Task directions: Set down a precise copy of the whole listing.

Data listing:

lemma cancel2_simps [simp]:
  "fst x \<in> Arr1 B \<Longrightarrow> cancel2 x \<in> Arr2 B"
  "fst x \<in> Arr1 B \<Longrightarrow> d2 B (cancel2 x) = letter1 B x \<bullet> letter1 B (inv_letter x)"
  "fst x \<in> Arr1 B \<Longrightarrow> c2 B (cancel2 x) = id1 B (letter_tgt B x)"
  by (cases x; cases "snd x"; auto simp: cancel2_def)+

lemma push2_in_hom:
  assumes "reduced_path B A r" "fst x \<in> Arr1 B" "letter_src B x = path_tgt B A r"
  shows "push2 A x r \<in> Arr2 B \<and> d2 B (push2 A x r) = letter1 B x \<bullet> path1 B A r \<and>
    c2 B (push2 A x r) = path1 B A (push x r)"
proof (cases r)
  case (Cons y r')
  show ?thesis
  proof (cases "y = inv_letter x")
    case True
    then have "path_tgt B A r' = letter_tgt B x" "reduced_path B A r'" using assms Cons by auto
    then show ?thesis using assms Cons True by auto
  qed (use assms Cons in auto)
qed (use assms in \<open>auto simp: reduced_path_Ob\<close>)

lemma reduce2_in_hom:
  "\<lbrakk>fwf B w; reduced_path B A r; path_tgt B A r = fsrc B w\<rbrakk> \<Longrightarrow>
   reduce2 A w r \<in> Arr2 B \<and> d2 B (reduce2 A w r) = J1 B w \<bullet> path1 B A r \<and>
   c2 B (reduce2 A w r) = path1 B A (act w r)"
proof (induction w arbitrary: r)
  case (FE f)
  then show ?case using push2_in_hom[of A r "(f, True)"] by auto
next
  case (FS w)
  let ?q = "act_inv w r"
  have "reduced_path B A ?q" "path_tgt B A ?q = fsrc B w" "act w ?q = r"
    using FS.prems by auto
  then show ?case using FS.IH[of ?q] FS.prems by auto
qed auto

lemma reduce2_simps [simp]:
  "\<lbrakk>fwf B w; reduced_path B A r; path_tgt B A r = fsrc B w\<rbrakk> \<Longrightarrow> reduce2 A w r \<in> Arr2 B"
  "\<lbrakk>fwf B w; reduced_path B A r; path_tgt B A r = fsrc B w\<rbrakk> \<Longrightarrow>
    d2 B (reduce2 A w r) = J1 B w \<bullet> path1 B A r"
  "\<lbrakk>fwf B w; reduced_path B A r; path_tgt B A r = fsrc B w\<rbrakk> \<Longrightarrow>
    c2 B (reduce2 A w r) = path1 B A (act w r)"
  using reduce2_in_hom by blast+

lemma fwf_ends_Ob [simp]: "fwf B w \<Longrightarrow> fsrc B w \<in> Ob B" "fwf B w \<Longrightarrow> ftgt B w \<in> Ob B"
  by (metis J1_simps arr1_ends_Ob)+

lemma twf_simps [simp]:
  "twf B a \<Longrightarrow> fwf B (tdom B a)"
  "twf B a \<Longrightarrow> fwf B (tcod B a)"
  "twf B a \<Longrightarrow> fsrc B (tcod B a) = fsrc B (tdom B a)"
  "twf B a \<Longrightarrow> ftgt B (tcod B a) = ftgt B (tdom B a)"
  by (induction a) auto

Exercise solution:
lemma cancel2_simps [simp]:
  "fst x \<in> Arr1 B \<Longrightarrow> cancel2 x \<in> Arr2 B"
  "fst x \<in> Arr1 B \<Longrightarrow> d2 B (cancel2 x) = letter1 B x \<bullet> letter1 B (inv_letter x)"
  "fst x \<in> Arr1 B \<Longrightarrow> c2 B (cancel2 x) = id1 B (letter_tgt B x)"
  by (cases x; cases "snd x"; auto simp: cancel2_def)+

lemma push2_in_hom:
  assumes "reduced_path B A r" "fst x \<in> Arr1 B" "letter_src B x = path_tgt B A r"
  shows "push2 A x r \<in> Arr2 B \<and> d2 B (push2 A x r) = letter1 B x \<bullet> path1 B A r \<and>
    c2 B (push2 A x r) = path1 B A (push x r)"
proof (cases r)
  case (Cons y r')
  show ?thesis
  proof (cases "y = inv_letter x")
    case True
    then have "path_tgt B A r' = letter_tgt B x" "reduced_path B A r'" using assms Cons by auto
    then show ?thesis using assms Cons True by auto
  qed (use assms Cons in auto)
qed (use assms in \<open>auto simp: reduced_path_Ob\<close>)

lemma reduce2_in_hom:
  "\<lbrakk>fwf B w; reduced_path B A r; path_tgt B A r = fsrc B w\<rbrakk> \<Longrightarrow>
   reduce2 A w r \<in> Arr2 B \<and> d2 B (reduce2 A w r) = J1 B w \<bullet> path1 B A r \<and>
   c2 B (reduce2 A w r) = path1 B A (act w r)"
proof (induction w arbitrary: r)
  case (FE f)
  then show ?case using push2_in_hom[of A r "(f, True)"] by auto
next
  case (FS w)
  let ?q = "act_inv w r"
  have "reduced_path B A ?q" "path_tgt B A ?q = fsrc B w" "act w ?q = r"
    using FS.prems by auto
  then show ?case using FS.IH[of ?q] FS.prems by auto
qed auto

lemma reduce2_simps [simp]:
  "\<lbrakk>fwf B w; reduced_path B A r; path_tgt B A r = fsrc B w\<rbrakk> \<Longrightarrow> reduce2 A w r \<in> Arr2 B"
  "\<lbrakk>fwf B w; reduced_path B A r; path_tgt B A r = fsrc B w\<rbrakk> \<Longrightarrow>
    d2 B (reduce2 A w r) = J1 B w \<bullet> path1 B A r"
  "\<lbrakk>fwf B w; reduced_path B A r; path_tgt B A r = fsrc B w\<rbrakk> \<Longrightarrow>
    c2 B (reduce2 A w r) = path1 B A (act w r)"
  using reduce2_in_hom by blast+

lemma fwf_ends_Ob [simp]: "fwf B w \<Longrightarrow> fsrc B w \<in> Ob B" "fwf B w \<Longrightarrow> ftgt B w \<in> Ob B"
  by (metis J1_simps arr1_ends_Ob)+

lemma twf_simps [simp]:
  "twf B a \<Longrightarrow> fwf B (tdom B a)"
  "twf B a \<Longrightarrow> fwf B (tcod B a)"
  "twf B a \<Longrightarrow> fsrc B (tcod B a) = fsrc B (tdom B a)"
  "twf B a \<Longrightarrow> ftgt B (tcod B a) = ftgt B (tdom B a)"
  by (induction a) auto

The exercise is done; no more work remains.